[DATA LISTING — start]

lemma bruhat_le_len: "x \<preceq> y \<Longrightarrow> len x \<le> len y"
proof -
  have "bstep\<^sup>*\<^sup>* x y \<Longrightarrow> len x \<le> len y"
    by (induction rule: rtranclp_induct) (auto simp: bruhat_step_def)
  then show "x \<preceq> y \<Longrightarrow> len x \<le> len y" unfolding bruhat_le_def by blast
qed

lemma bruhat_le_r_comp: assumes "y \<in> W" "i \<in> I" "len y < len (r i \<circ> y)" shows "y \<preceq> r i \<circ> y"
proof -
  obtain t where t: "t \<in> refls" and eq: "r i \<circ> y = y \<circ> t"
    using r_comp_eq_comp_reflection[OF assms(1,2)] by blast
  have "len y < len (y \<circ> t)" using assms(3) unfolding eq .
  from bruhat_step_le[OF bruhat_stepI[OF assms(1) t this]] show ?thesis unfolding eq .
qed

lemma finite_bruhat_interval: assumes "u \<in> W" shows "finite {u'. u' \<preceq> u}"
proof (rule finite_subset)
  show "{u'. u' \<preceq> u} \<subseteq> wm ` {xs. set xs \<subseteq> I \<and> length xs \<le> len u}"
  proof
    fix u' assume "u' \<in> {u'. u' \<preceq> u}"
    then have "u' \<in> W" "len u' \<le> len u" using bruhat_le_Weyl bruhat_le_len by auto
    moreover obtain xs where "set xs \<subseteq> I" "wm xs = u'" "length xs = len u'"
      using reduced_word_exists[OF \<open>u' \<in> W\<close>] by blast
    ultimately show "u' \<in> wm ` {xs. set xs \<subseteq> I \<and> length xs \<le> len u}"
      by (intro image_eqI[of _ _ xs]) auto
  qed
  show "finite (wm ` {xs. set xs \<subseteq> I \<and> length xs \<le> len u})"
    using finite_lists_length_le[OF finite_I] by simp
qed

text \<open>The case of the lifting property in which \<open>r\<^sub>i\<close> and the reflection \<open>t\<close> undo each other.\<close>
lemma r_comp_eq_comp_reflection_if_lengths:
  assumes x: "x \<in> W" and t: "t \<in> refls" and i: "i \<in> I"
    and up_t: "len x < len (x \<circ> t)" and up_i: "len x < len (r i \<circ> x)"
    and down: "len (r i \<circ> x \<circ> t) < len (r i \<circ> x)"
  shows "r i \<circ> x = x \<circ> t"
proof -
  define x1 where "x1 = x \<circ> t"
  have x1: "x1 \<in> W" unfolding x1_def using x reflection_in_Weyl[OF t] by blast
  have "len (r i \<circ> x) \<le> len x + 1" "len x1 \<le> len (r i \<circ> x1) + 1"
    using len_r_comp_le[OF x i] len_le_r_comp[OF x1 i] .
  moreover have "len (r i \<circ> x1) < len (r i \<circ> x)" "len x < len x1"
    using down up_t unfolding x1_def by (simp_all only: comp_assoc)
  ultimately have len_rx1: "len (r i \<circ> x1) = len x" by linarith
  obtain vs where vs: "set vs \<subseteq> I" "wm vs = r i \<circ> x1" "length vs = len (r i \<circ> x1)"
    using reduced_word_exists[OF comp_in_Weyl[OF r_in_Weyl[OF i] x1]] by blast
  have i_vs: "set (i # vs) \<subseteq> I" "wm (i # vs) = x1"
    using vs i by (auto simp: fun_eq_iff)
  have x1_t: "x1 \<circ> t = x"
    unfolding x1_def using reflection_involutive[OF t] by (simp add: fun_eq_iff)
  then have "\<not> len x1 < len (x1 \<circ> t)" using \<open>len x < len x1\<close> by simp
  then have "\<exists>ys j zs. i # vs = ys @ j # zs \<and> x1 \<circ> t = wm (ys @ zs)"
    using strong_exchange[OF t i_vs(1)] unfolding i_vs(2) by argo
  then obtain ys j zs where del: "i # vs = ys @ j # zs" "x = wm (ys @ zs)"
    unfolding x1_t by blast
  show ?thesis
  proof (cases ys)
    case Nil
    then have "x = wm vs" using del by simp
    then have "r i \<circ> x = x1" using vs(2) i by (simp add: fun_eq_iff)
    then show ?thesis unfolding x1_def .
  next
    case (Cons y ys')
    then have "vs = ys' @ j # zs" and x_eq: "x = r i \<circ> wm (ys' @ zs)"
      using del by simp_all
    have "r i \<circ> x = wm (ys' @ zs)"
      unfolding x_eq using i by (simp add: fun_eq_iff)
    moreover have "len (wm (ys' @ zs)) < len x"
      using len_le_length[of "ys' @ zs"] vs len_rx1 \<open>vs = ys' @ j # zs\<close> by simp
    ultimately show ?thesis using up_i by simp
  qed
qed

[DATA LISTING — finish]
[DATA LISTING — start]

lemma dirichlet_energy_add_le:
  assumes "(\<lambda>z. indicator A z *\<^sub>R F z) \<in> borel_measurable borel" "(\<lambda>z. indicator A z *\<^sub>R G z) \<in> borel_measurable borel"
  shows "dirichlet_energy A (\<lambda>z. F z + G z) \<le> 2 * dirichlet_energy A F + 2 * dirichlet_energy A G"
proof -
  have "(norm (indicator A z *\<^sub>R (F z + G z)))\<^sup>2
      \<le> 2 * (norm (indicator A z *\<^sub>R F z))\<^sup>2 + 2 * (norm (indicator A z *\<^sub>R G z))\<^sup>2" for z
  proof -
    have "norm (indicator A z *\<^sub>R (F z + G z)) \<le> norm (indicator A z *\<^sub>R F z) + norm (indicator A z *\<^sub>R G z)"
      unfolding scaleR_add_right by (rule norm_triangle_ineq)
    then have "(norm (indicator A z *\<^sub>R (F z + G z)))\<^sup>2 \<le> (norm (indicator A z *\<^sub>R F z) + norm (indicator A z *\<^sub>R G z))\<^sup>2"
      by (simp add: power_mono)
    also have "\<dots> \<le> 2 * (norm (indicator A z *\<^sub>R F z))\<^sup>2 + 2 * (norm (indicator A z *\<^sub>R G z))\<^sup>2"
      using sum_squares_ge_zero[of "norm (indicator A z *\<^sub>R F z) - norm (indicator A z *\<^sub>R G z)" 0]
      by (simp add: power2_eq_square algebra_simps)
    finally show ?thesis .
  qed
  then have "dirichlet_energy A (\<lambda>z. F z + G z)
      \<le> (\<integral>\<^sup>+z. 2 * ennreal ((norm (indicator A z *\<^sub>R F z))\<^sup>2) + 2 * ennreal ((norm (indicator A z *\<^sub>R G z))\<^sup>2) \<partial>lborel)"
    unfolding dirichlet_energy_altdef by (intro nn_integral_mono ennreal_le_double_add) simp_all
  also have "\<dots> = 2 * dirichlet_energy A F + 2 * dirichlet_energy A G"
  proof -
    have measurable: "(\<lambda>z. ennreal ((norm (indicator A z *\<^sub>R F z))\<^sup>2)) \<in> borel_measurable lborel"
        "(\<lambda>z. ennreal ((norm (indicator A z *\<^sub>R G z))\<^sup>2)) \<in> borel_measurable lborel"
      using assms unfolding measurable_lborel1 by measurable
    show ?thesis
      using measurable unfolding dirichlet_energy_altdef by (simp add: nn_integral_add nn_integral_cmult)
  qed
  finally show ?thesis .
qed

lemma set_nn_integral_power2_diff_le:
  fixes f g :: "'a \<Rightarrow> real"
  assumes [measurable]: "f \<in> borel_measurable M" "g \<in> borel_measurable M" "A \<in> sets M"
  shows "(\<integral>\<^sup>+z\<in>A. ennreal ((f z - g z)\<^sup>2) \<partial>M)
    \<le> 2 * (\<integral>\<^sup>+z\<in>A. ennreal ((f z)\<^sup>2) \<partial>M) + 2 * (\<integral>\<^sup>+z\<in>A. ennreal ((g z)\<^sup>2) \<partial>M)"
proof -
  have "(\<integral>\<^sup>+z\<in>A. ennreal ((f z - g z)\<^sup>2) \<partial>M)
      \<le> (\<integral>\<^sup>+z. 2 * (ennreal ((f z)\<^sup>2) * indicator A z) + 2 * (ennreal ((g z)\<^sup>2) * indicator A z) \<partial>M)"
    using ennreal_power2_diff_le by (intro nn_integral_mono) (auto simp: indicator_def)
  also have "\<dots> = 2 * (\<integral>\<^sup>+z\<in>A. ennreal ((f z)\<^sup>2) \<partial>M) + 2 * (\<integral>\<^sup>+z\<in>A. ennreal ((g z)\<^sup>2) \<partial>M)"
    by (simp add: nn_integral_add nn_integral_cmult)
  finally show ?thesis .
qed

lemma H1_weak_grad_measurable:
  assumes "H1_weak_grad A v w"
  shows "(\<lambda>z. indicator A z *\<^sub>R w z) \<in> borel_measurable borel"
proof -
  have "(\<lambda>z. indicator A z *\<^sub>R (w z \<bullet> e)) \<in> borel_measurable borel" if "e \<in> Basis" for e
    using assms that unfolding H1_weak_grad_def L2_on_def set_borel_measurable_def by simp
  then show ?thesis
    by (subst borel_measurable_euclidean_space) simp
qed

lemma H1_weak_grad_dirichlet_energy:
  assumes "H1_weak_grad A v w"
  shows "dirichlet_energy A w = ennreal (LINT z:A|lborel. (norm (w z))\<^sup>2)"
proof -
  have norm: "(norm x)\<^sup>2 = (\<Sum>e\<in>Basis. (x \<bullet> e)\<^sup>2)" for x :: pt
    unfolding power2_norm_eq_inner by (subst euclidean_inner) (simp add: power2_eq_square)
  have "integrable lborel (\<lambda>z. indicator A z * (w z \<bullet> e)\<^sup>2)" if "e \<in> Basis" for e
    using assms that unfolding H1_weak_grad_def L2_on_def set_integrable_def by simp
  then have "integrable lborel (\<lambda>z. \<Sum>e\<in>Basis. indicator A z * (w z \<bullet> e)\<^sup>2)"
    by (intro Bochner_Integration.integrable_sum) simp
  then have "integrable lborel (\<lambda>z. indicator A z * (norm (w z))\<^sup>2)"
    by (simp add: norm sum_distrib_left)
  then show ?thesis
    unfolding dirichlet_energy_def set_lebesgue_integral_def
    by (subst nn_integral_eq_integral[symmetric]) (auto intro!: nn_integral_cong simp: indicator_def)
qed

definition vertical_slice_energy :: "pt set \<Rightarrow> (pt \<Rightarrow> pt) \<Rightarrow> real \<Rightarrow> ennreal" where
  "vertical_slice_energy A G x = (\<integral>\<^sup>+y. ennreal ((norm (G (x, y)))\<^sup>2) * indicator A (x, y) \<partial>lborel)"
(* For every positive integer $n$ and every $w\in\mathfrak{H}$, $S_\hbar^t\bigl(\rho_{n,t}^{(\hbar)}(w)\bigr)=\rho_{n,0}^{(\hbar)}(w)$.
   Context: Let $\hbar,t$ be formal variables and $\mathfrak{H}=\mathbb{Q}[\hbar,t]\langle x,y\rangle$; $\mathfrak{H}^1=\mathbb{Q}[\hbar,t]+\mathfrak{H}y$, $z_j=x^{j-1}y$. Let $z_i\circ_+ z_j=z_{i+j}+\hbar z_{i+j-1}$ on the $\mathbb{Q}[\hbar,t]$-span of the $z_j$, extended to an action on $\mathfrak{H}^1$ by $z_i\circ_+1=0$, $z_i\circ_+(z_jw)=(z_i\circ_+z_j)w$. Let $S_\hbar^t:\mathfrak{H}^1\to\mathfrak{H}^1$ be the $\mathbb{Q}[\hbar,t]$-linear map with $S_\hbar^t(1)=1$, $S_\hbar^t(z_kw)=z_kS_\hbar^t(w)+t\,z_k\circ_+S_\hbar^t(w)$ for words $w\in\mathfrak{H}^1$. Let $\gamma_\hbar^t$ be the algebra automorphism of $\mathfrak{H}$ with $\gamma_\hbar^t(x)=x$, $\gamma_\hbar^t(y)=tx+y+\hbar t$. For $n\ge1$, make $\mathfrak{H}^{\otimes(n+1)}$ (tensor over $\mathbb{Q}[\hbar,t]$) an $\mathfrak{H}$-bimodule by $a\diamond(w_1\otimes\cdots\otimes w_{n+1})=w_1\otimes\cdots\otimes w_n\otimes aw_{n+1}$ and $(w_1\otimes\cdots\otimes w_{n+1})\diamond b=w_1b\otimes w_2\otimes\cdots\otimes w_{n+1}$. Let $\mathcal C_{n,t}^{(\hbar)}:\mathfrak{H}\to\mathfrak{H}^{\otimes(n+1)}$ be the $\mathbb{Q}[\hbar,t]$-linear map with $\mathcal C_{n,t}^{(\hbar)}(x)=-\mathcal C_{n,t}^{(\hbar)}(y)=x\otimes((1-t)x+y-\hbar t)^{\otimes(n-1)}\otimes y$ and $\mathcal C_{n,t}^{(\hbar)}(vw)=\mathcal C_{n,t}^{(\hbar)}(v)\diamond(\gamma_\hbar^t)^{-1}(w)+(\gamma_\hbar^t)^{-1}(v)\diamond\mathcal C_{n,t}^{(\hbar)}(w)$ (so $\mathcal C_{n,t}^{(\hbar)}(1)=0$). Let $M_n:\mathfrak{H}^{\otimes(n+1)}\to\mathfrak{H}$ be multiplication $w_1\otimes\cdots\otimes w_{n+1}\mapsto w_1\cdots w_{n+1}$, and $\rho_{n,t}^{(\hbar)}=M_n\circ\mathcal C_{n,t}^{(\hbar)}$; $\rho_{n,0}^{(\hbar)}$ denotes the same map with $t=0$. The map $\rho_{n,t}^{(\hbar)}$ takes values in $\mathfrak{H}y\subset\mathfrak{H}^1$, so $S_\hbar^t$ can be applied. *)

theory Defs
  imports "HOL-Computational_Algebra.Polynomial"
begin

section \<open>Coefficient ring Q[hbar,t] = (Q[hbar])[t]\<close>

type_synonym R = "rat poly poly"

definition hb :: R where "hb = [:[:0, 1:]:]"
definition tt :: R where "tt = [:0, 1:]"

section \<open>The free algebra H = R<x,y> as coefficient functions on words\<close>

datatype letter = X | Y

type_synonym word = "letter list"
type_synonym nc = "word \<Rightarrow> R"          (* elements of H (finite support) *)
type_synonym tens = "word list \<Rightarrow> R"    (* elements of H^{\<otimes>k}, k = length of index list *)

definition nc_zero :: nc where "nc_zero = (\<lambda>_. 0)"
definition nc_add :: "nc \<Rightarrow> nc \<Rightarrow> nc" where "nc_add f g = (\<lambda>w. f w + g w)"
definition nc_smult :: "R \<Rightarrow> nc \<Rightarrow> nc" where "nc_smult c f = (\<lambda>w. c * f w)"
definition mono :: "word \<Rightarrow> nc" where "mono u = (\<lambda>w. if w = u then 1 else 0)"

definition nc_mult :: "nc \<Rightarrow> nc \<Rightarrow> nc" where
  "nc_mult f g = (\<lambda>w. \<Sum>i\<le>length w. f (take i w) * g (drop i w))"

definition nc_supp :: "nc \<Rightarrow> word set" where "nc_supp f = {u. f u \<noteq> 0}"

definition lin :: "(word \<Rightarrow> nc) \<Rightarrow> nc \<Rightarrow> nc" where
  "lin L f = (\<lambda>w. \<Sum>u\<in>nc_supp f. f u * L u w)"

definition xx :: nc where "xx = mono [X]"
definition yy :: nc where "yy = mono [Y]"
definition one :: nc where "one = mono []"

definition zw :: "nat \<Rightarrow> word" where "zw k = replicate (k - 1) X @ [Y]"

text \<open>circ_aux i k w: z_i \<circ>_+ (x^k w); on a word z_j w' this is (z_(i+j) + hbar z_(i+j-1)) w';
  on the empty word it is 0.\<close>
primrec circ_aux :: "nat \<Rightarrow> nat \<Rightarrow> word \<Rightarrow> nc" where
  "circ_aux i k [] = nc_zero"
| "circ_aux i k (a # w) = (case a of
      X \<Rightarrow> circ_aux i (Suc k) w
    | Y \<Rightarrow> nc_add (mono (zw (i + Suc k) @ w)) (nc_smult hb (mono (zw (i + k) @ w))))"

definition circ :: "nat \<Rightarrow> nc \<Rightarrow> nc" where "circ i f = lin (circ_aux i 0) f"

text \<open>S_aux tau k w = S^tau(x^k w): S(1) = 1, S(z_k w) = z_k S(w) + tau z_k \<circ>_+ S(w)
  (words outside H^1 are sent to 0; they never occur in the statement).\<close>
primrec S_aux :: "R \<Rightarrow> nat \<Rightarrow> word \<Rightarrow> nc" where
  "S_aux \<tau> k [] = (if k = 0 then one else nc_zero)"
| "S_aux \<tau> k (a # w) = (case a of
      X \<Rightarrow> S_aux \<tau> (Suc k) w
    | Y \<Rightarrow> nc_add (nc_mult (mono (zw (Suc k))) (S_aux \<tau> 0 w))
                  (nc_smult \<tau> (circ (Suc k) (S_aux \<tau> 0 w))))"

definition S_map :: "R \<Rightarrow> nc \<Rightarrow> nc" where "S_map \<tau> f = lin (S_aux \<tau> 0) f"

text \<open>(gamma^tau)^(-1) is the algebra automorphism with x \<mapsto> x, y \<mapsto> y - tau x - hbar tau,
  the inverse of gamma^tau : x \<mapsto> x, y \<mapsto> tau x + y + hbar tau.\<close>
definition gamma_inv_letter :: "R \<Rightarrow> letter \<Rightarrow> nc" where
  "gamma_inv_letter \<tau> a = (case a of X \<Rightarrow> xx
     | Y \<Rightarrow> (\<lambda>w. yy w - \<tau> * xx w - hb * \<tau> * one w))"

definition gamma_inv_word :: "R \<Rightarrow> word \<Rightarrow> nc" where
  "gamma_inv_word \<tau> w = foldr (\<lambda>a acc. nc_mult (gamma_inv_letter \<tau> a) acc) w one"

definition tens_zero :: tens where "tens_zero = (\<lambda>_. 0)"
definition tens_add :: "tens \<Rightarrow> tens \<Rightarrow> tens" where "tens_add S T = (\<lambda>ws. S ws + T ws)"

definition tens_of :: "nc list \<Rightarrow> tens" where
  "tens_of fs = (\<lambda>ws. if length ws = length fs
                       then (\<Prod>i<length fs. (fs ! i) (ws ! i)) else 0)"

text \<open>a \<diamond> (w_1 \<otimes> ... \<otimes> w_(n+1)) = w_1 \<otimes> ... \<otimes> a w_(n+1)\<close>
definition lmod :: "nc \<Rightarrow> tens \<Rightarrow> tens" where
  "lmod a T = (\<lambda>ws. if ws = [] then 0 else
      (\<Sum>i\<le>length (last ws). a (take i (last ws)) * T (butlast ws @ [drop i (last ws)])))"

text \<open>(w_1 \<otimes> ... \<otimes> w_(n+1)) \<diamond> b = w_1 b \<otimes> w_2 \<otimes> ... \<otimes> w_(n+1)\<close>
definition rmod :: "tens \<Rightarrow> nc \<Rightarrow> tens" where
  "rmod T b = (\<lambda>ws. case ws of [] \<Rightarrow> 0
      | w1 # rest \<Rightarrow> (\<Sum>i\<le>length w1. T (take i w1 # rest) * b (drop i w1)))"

[DATA LISTING — finish]

** TASK DETAILS **
Wherever the word "refls" turns up in the records, copy out the line it is on.

** OUTPUT FOR THIS EXERCISE **
  obtain t where t: "t \<in> refls" and eq: "r i \<circ> y = y \<circ> t"
  assumes x: "x \<in> W" and t: "t \<in> refls" and i: "i \<in> I"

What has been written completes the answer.